● **AIM OF THE EXERCISE**:
Return every line of the data exactly as it appears.

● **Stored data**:

lemma X_pendant_star_covered:
  assumes w: "w \<notin> B" and x: "x \<in> X" "E w x" and no_Y: "\<forall>y\<in>Y. \<not> E w y"
  shows "\<exists>D\<in>{D1, D2}. insert x (insert w Y) \<subseteq> D"
proof -
  have "x \<notin> insert w Y" using x(1) w XY_disj XY_union by blast
  moreover have "\<forall>l\<in>insert w Y. E x l" using adj_sym[OF x(2)] XY_adj x(1) by blast
  moreover have "\<forall>l\<in>insert w Y. \<forall>l'\<in>insert w Y. \<not> E l l'"
  proof (intro ballI)
    fix l l' assume "l \<in> insert w Y" "l' \<in> insert w Y"
    then show "\<not> E l l'" using no_Y Y_indep adj_irrefl adj_commute by (metis insert_iff)
  qed
  moreover have "insert x (insert w Y) \<inter> B \<noteq> {}" "\<not> insert x (insert w Y) \<subseteq> B"
    using X_sub_B[OF x(1)] w by blast+
  ultimately show ?thesis using star_covered[of x "insert w Y"] by blast
qed

end

subsection \<open>The claw case\<close>

locale biclique_with_claw = biclique_of_degree_le_2 +
  fixes v a b c
  assumes centre: "v \<in> X" and leaves: "a \<in> Y" "b \<in> Y" "c \<in> Y" "a \<noteq> b" "a \<noteq> c" "b \<noteq> c"
begin

text \<open>Any two leaves are separated by D1 or D2, so the three leaves carry pairwise distinct
  membership patterns in (D1, D2); this rules out the two configurations below.\<close>
lemma leaves_not_in_one_D:
  assumes "D \<in> {D1, D2}" "a \<in> D" "b \<in> D" "c \<in> D"
  shows False
  using Y_separated_by_D[of a b] Y_separated_by_D[of a c] Y_separated_by_D[of b c] leaves assms
  by blast

lemma leaves_not_split_complementarily:
  assumes "D \<in> {D1, D2}" "D' \<in> {D1, D2}" "D \<noteq> D'" "\<forall>y\<in>{a, b, c}. y \<in> D \<longleftrightarrow> y \<notin> D'"
  shows False
  using Y_separated_by_D[of a b] Y_separated_by_D[of a c] Y_separated_by_D[of b c] leaves assms
  by blast

lemma leaf_distinguishes_D: "\<exists>y\<in>{a, b, c}. (y \<in> D1) \<noteq> (y \<in> D2)"
  using Y_separated_by_D[of a b] Y_separated_by_D[of a c] Y_separated_by_D[of b c] leaves by blast

lemma X_has_no_outside_nbr:
  assumes w: "w \<notin> B" and x: "x \<in> X"
  shows "\<not> E w x"
proof
  assume wx: "E w x"
  then have xw: "E x w" by (rule adj_sym)
  show False
  proof (cases "\<exists>y\<in>Y. E w y")
    case False
    then obtain D where "D \<in> {D1, D2}" "insert x (insert w Y) \<subseteq> D"
      using X_pendant_star_covered[OF w x wx] by blast
    then show False using leaves_not_in_one_D leaves by blast
  next
    case True
    then obtain y0 where y0: "y0 \<in> Y" "E w y0" by blast
    obtain Dw where Dw: "Dw \<in> {D1, D2}" "\<forall>y'\<in>Y. y' \<in> Dw \<longleftrightarrow> E w y'"
      using D_trace_of_outside_nbhd[OF w y0] by blast
    have "\<not> (E w a \<and> E w b \<and> E w c)" using leaves_not_in_one_D[OF Dw(1)] Dw(2) leaves by blast
    then obtain y1 where y1: "y1 \<in> Y" "\<not> E w y1" using leaves by blast
    \<comment> \<open>The Y-non-neighbours of w lie in the bicliques of the cherries x w y, and there is
      only one such biclique besides Dw.\<close>
    have cherry: "\<exists>D\<in>{D1, D2}. x \<in> D \<and> w \<in> D \<and> y \<in> D" if y: "y \<in> Y" "\<not> E w y" for y
    proof -
      have "E x y" "w \<noteq> y" using XY_adj x y w Y_sub_B by blast+
      then show ?thesis using cherry_covered[of x w y] xw y(2) w X_sub_B[OF x] by blast
    qed
    obtain D' where D': "D' \<in> {D1, D2}" "w \<in> D'" "y1 \<in> D'" using cherry[OF y1] by blast
    have D'_ne: "D' \<noteq> Dw" using D'(3) Dw(2) y1 by blast
    have "y \<in> D' \<longleftrightarrow> \<not> E w y" if y: "y \<in> Y" for y
    proof (cases "E w y")
      case True
      then show ?thesis using D_adj_Y_const[OF D'(1,2,3) y1(1) _ y] y1 by blast
    next
      case False
      then obtain D'' where "D'' \<in> {D1, D2}" "y \<in> D''" using cherry[OF y] by blast
      then show ?thesis using False Dw D' D'_ne y by blast
    qed
    then show False
      using leaves_not_split_complementarily[OF Dw(1) D'(1) D'_ne[symmetric]] Dw(2) leaves by blast
  qed
qed

lemma X_not_adj_outside: "w \<notin> B \<Longrightarrow> x \<in> X \<Longrightarrow> \<not> E x w"
  using X_has_no_outside_nbr adj_sym by blast

lemma no_outside_edge_dominating_Y_trace:
  assumes w: "w \<notin> B" and z: "z \<notin> B" and wz: "E w z"
    and dom: "\<forall>y\<in>Y. y \<in> D1 \<or> y \<in> D2 \<longrightarrow> E w y"
  shows False
proof -
  obtain y1 where y1: "y1 \<in> Y" "(y1 \<in> D1) \<noteq> (y1 \<in> D2)"
    using leaf_distinguishes_D leaves by blast
  have wy1: "E w y1" using dom y1 by blast
  have y1w: "E y1 w" using adj_sym[OF wy1] .
  have y1v: "E y1 v" using YX_adj centre y1 by blast
  have nv: "\<not> E v w" "\<not> E v z" using X_not_adj_outside centre w z by blast+
  have "v \<noteq> w" "v \<noteq> z" "y1 \<noteq> z" using X_sub_B[OF centre] Y_sub_B[OF y1(1)] w z by auto
  obtain DA where DA: "DA \<in> {D1, D2}" "y1 \<in> DA" "v \<in> DA" "w \<in> DA"
    using cherry_covered[of y1 v w] y1v y1w nv \<open>v \<noteq> w\<close> X_sub_B[OF centre] w by blast
  show False
  proof (cases "E y1 z")
    case False
    obtain DB where DB: "DB \<in> {D1, D2}" "w \<in> DB" "y1 \<in> DB" "z \<in> DB"
      using cherry_covered[of w y1 z] wy1 wz w Y_sub_B[OF y1(1)] False \<open>y1 \<noteq> z\<close> by blast
    have "DA \<noteq> DB" using D_adj_parity[OF DA(1,3,4), of z] DB(4) nv wz by blast
    then show False using DA(1,2) DB(1,3) y1(2) by blast
  next
    case True
    obtain DC where DC: "DC \<in> {D1, D2}" "y1 \<in> DC" "v \<in> DC" "z \<in> DC"
      using cherry_covered[of y1 v z] y1v True nv \<open>v \<noteq> z\<close> X_sub_B[OF centre] z by blast
    have "DA = DC" using DA(1,2) DC(1,2) y1(2) by blast
    then show False using D_adj_parity[OF DA(1,4,2), of z] DC(4) wz wy1 True by blast
  qed
qed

● **EXPECTED OUTPUT**:
lemma X_pendant_star_covered:
  assumes w: "w \<notin> B" and x: "x \<in> X" "E w x" and no_Y: "\<forall>y\<in>Y. \<not> E w y"
  shows "\<exists>D\<in>{D1, D2}. insert x (insert w Y) \<subseteq> D"
proof -
  have "x \<notin> insert w Y" using x(1) w XY_disj XY_union by blast
  moreover have "\<forall>l\<in>insert w Y. E x l" using adj_sym[OF x(2)] XY_adj x(1) by blast
  moreover have "\<forall>l\<in>insert w Y. \<forall>l'\<in>insert w Y. \<not> E l l'"
  proof (intro ballI)
    fix l l' assume "l \<in> insert w Y" "l' \<in> insert w Y"
    then show "\<not> E l l'" using no_Y Y_indep adj_irrefl adj_commute by (metis insert_iff)
  qed
  moreover have "insert x (insert w Y) \<inter> B \<noteq> {}" "\<not> insert x (insert w Y) \<subseteq> B"
    using X_sub_B[OF x(1)] w by blast+
  ultimately show ?thesis using star_covered[of x "insert w Y"] by blast
qed

end

subsection \<open>The claw case\<close>

locale biclique_with_claw = biclique_of_degree_le_2 +
  fixes v a b c
  assumes centre: "v \<in> X" and leaves: "a \<in> Y" "b \<in> Y" "c \<in> Y" "a \<noteq> b" "a \<noteq> c" "b \<noteq> c"
begin

text \<open>Any two leaves are separated by D1 or D2, so the three leaves carry pairwise distinct
  membership patterns in (D1, D2); this rules out the two configurations below.\<close>
lemma leaves_not_in_one_D:
  assumes "D \<in> {D1, D2}" "a \<in> D" "b \<in> D" "c \<in> D"
  shows False
  using Y_separated_by_D[of a b] Y_separated_by_D[of a c] Y_separated_by_D[of b c] leaves assms
  by blast

lemma leaves_not_split_complementarily:
  assumes "D \<in> {D1, D2}" "D' \<in> {D1, D2}" "D \<noteq> D'" "\<forall>y\<in>{a, b, c}. y \<in> D \<longleftrightarrow> y \<notin> D'"
  shows False
  using Y_separated_by_D[of a b] Y_separated_by_D[of a c] Y_separated_by_D[of b c] leaves assms
  by blast

lemma leaf_distinguishes_D: "\<exists>y\<in>{a, b, c}. (y \<in> D1) \<noteq> (y \<in> D2)"
  using Y_separated_by_D[of a b] Y_separated_by_D[of a c] Y_separated_by_D[of b c] leaves by blast

lemma X_has_no_outside_nbr:
  assumes w: "w \<notin> B" and x: "x \<in> X"
  shows "\<not> E w x"
proof
  assume wx: "E w x"
  then have xw: "E x w" by (rule adj_sym)
  show False
  proof (cases "\<exists>y\<in>Y. E w y")
    case False
    then obtain D where "D \<in> {D1, D2}" "insert x (insert w Y) \<subseteq> D"
      using X_pendant_star_covered[OF w x wx] by blast
    then show False using leaves_not_in_one_D leaves by blast
  next
    case True
    then obtain y0 where y0: "y0 \<in> Y" "E w y0" by blast
    obtain Dw where Dw: "Dw \<in> {D1, D2}" "\<forall>y'\<in>Y. y' \<in> Dw \<longleftrightarrow> E w y'"
      using D_trace_of_outside_nbhd[OF w y0] by blast
    have "\<not> (E w a \<and> E w b \<and> E w c)" using leaves_not_in_one_D[OF Dw(1)] Dw(2) leaves by blast
    then obtain y1 where y1: "y1 \<in> Y" "\<not> E w y1" using leaves by blast
    \<comment> \<open>The Y-non-neighbours of w lie in the bicliques of the cherries x w y, and there is
      only one such biclique besides Dw.\<close>
    have cherry: "\<exists>D\<in>{D1, D2}. x \<in> D \<and> w \<in> D \<and> y \<in> D" if y: "y \<in> Y" "\<not> E w y" for y
    proof -
      have "E x y" "w \<noteq> y" using XY_adj x y w Y_sub_B by blast+
      then show ?thesis using cherry_covered[of x w y] xw y(2) w X_sub_B[OF x] by blast
    qed
    obtain D' where D': "D' \<in> {D1, D2}" "w \<in> D'" "y1 \<in> D'" using cherry[OF y1] by blast
    have D'_ne: "D' \<noteq> Dw" using D'(3) Dw(2) y1 by blast
    have "y \<in> D' \<longleftrightarrow> \<not> E w y" if y: "y \<in> Y" for y
    proof (cases "E w y")
      case True
      then show ?thesis using D_adj_Y_const[OF D'(1,2,3) y1(1) _ y] y1 by blast
    next
      case False
      then obtain D'' where "D'' \<in> {D1, D2}" "y \<in> D''" using cherry[OF y] by blast
      then show ?thesis using False Dw D' D'_ne y by blast
    qed
    then show False
      using leaves_not_split_complementarily[OF Dw(1) D'(1) D'_ne[symmetric]] Dw(2) leaves by blast
  qed
qed

lemma X_not_adj_outside: "w \<notin> B \<Longrightarrow> x \<in> X \<Longrightarrow> \<not> E x w"
  using X_has_no_outside_nbr adj_sym by blast

lemma no_outside_edge_dominating_Y_trace:
  assumes w: "w \<notin> B" and z: "z \<notin> B" and wz: "E w z"
    and dom: "\<forall>y\<in>Y. y \<in> D1 \<or> y \<in> D2 \<longrightarrow> E w y"
  shows False
proof -
  obtain y1 where y1: "y1 \<in> Y" "(y1 \<in> D1) \<noteq> (y1 \<in> D2)"
    using leaf_distinguishes_D leaves by blast
  have wy1: "E w y1" using dom y1 by blast
  have y1w: "E y1 w" using adj_sym[OF wy1] .
  have y1v: "E y1 v" using YX_adj centre y1 by blast
  have nv: "\<not> E v w" "\<not> E v z" using X_not_adj_outside centre w z by blast+
  have "v \<noteq> w" "v \<noteq> z" "y1 \<noteq> z" using X_sub_B[OF centre] Y_sub_B[OF y1(1)] w z by auto
  obtain DA where DA: "DA \<in> {D1, D2}" "y1 \<in> DA" "v \<in> DA" "w \<in> DA"
    using cherry_covered[of y1 v w] y1v y1w nv \<open>v \<noteq> w\<close> X_sub_B[OF centre] w by blast
  show False
  proof (cases "E y1 z")
    case False
    obtain DB where DB: "DB \<in> {D1, D2}" "w \<in> DB" "y1 \<in> DB" "z \<in> DB"
      using cherry_covered[of w y1 z] wy1 wz w Y_sub_B[OF y1(1)] False \<open>y1 \<noteq> z\<close> by blast
    have "DA \<noteq> DB" using D_adj_parity[OF DA(1,3,4), of z] DB(4) nv wz by blast
    then show False using DA(1,2) DB(1,3) y1(2) by blast
  next
    case True
    obtain DC where DC: "DC \<in> {D1, D2}" "y1 \<in> DC" "v \<in> DC" "z \<in> DC"
      using cherry_covered[of y1 v z] y1v True nv \<open>v \<noteq> z\<close> X_sub_B[OF centre] z by blast
    have "DA = DC" using DA(1,2) DC(1,2) y1(2) by blast
    then show False using D_adj_parity[OF DA(1,4,2), of z] DC(4) wz wy1 True by blast
  qed
qed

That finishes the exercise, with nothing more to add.